To do> Your task is to repeat exactly the lines below between the line holding "obtain Gu Gt" and the line holding "by (intro bij_betwI[where", inclusive, and only those.

Stored items>
=== Section Start ===
lemma matrix_interpolation_exists:
  fixes X :: "('a::field ^ 'k::finite) set" and t :: "'a ^ 'k \<Rightarrow> 'a ^ 'n::finite"
  assumes "vec.independent X"
  obtains G :: "'a ^ 'k ^ 'n" where "\<And>x. x \<in> X \<Longrightarrow> G *v x = t x"
proof -
  obtain g where "Vector_Spaces.linear (*s) (*s) g" and "\<forall>x\<in>X. g x = t x"
    using vec.linear_independent_extend[OF assms] by blast
  then show ?thesis by (intro that[of "matrix g"]) (simp add: matrix_works)
qed

lemma card_matrix_interpolation:
  fixes X :: "('a::{finite,field} ^ 'k::finite) set" and t :: "'a ^ 'k \<Rightarrow> 'a ^ 'n::finite"
  assumes X: "vec.independent X"
  shows "card {G :: 'a ^ 'k ^ 'n. \<forall>x\<in>X. G *v x = t x} * CARD('a ^ 'n) ^ card X
    = CARD('a ^ 'k ^ 'n)"
proof -
  define fiber where "fiber u = {G :: 'a ^ 'k ^ 'n. \<forall>x\<in>X. G *v x = u x}" for u
  define targets where "targets = PiE X (\<lambda>_. UNIV :: ('a ^ 'n) set)"
  have fiber_card: "card (fiber u) = card (fiber t)" for u
  proof -
    obtain Gu Gt :: "'a ^ 'k ^ 'n"
      where "\<And>x. x \<in> X \<Longrightarrow> Gu *v x = u x" and "\<And>x. x \<in> X \<Longrightarrow> Gt *v x = t x"
      using matrix_interpolation_exists[OF X] by metis
    then have "bij_betw (\<lambda>G. G - Gu + Gt) (fiber u) (fiber t)"
      by (intro bij_betwI[where g = "\<lambda>G. G - Gt + Gu"])
        (auto simp: fiber_def matrix_vector_mult_add_rdistrib matrix_vector_mult_diff_rdistrib)
    then show ?thesis by (rule bij_betw_same_card)
  qed
  have cover: "(\<Union>u\<in>targets. fiber u) = UNIV"
    by (auto simp: targets_def fiber_def intro!: bexI[of _ "restrict ((*v) _) X"])
  have "fiber u \<inter> fiber v = {}" if "u \<in> targets" "v \<in> targets" "u \<noteq> v" for u v
    using that PiE_ext[of u X _ v] by (auto simp: targets_def fiber_def)
  then have "card (\<Union>u\<in>targets. fiber u) = (\<Sum>u\<in>targets. card (fiber u))"
    by (intro card_UN_disjoint) (auto simp: targets_def)
  then have "CARD('a ^ 'k ^ 'n) = (\<Sum>u\<in>targets. card (fiber u))"
    by (simp only: cover)
  also have "\<dots> = (\<Sum>u\<in>targets. card (fiber t))" by (rule sum.cong[OF refl fiber_card])
  also have "\<dots> = card targets * card (fiber t)" by simp
  also have "card targets = CARD('a ^ 'n) ^ card X" by (simp add: targets_def card_PiE)
  finally show ?thesis by (simp add: fiber_def)
qed

lemma card_matrices_inverting_le:
  fixes A :: "('a::{finite,field} ^ 'n::finite) set" and Y :: "'a ^ 'n \<Rightarrow> 'a ^ 'k::finite"
  assumes A: "vec.independent A"
  shows "real (card {G :: 'a ^ 'k ^ 'n. \<forall>a\<in>A. G *v Y a = a})
    \<le> real CARD('a ^ 'k ^ 'n) / real CARD('a ^ 'n) ^ card A"
proof -
  define fiber where "fiber = {G :: 'a ^ 'k ^ 'n. \<forall>a\<in>A. G *v Y a = a}"
  have "real (card fiber) \<le> real CARD('a ^ 'k ^ 'n) / real CARD('a ^ 'n) ^ card A"
  proof (cases "fiber = {}")
    case False
    then obtain G where G: "\<And>a. a \<in> A \<Longrightarrow> G *v Y a = a" by (auto simp: fiber_def)
    then have inj: "inj_on Y A" by (metis inj_onI)
    have indep: "vec.independent (Y ` A)"
    proof (rule independent_if_matrix_image_independent)
      have "(*v) G ` Y ` A = A" using G by force
      then show "vec.independent ((*v) G ` Y ` A)" using A by simp
      show "inj_on ((*v) G) (Y ` A)" using G by (auto simp: inj_on_def)
    qed
    have "fiber = {G. \<forall>x\<in>Y ` A. G *v x = the_inv_into A Y x}"
      using inj by (auto simp: fiber_def the_inv_into_f_f)
    then have "card fiber * CARD('a ^ 'n) ^ card (Y ` A) = CARD('a ^ 'k ^ 'n)"
      using card_matrix_interpolation[OF indep] by (simp only:)
    then have "real (card fiber) * real CARD('a ^ 'n) ^ card A = real CARD('a ^ 'k ^ 'n)"
      unfolding card_image[OF inj] by (metis of_nat_mult of_nat_power)
    then show ?thesis by (simp add: pos_le_divide_eq)
  qed simp
  then show ?thesis by (simp only: fiber_def)
qed

lemma prob_gen_independent_subset_code:
  fixes A :: "('a::{finite,field} ^ 'n::finite) set"
  assumes A: "vec.independent A"
  shows "prob_gen (\<lambda>G :: 'a ^ 'k::finite ^ 'n. A \<subseteq> code_of G)
    \<le> (real CARD('a) ^ CARD('k) / real CARD('a) ^ CARD('n)) ^ card A"
proof -
  let ?E = "{G :: 'a ^ 'k ^ 'n. A \<subseteq> code_of G}"
  define N where "N = real CARD('a ^ 'k ^ 'n)"
  define fiber where "fiber Y = {G :: 'a ^ 'k ^ 'n. \<forall>a\<in>A. G *v Y a = a}" for Y
  define preimages where "preimages = PiE A (\<lambda>_. UNIV :: ('a ^ 'k) set)"
  have covered: "?E \<subseteq> (\<Union>Y\<in>preimages. fiber Y)"
  proof
    fix G assume "G \<in> ?E"
    then have "\<forall>a\<in>A. \<exists>y. G *v y = a" using code_of_subset_range[of G] by blast
    then obtain Y where "\<forall>a\<in>A. G *v Y a = a" by metis
    then show "G \<in> (\<Union>Y\<in>preimages. fiber Y)"
      by (intro UN_I[of "restrict Y A"]) (auto simp: preimages_def fiber_def)
  qed
  have "real (card ?E) \<le> real (card (\<Union>Y\<in>preimages. fiber Y))"
    using card_mono[OF finite covered] by simp
  also have "\<dots> \<le> real (card preimages) * (N / real CARD('a ^ 'n) ^ card A)"
    unfolding fiber_def N_def
    by (rule card_UN_le_uniform[OF _ card_matrices_inverting_le[OF A]]) (simp add: preimages_def)
  also have "card preimages = CARD('a ^ 'k) ^ card A" by (simp add: preimages_def card_PiE)
  finally have "real (card ?E) / N \<le> (real CARD('a ^ 'k) / real CARD('a ^ 'n)) ^ card A"
    unfolding N_def by (simp add: divide_le_eq power_divide)
  then show ?thesis
    unfolding prob_gen_def N_def by simp
qed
=== Section End ===
Task solution>
    obtain Gu Gt :: "'a ^ 'k ^ 'n"
      where "\<And>x. x \<in> X \<Longrightarrow> Gu *v x = u x" and "\<And>x. x \<in> X \<Longrightarrow> Gt *v x = t x"
      using matrix_interpolation_exists[OF X] by metis
    then have "bij_betw (\<lambda>G. G - Gu + Gt) (fiber u) (fiber t)"
      by (intro bij_betwI[where g = "\<lambda>G. G - Gt + Gu"])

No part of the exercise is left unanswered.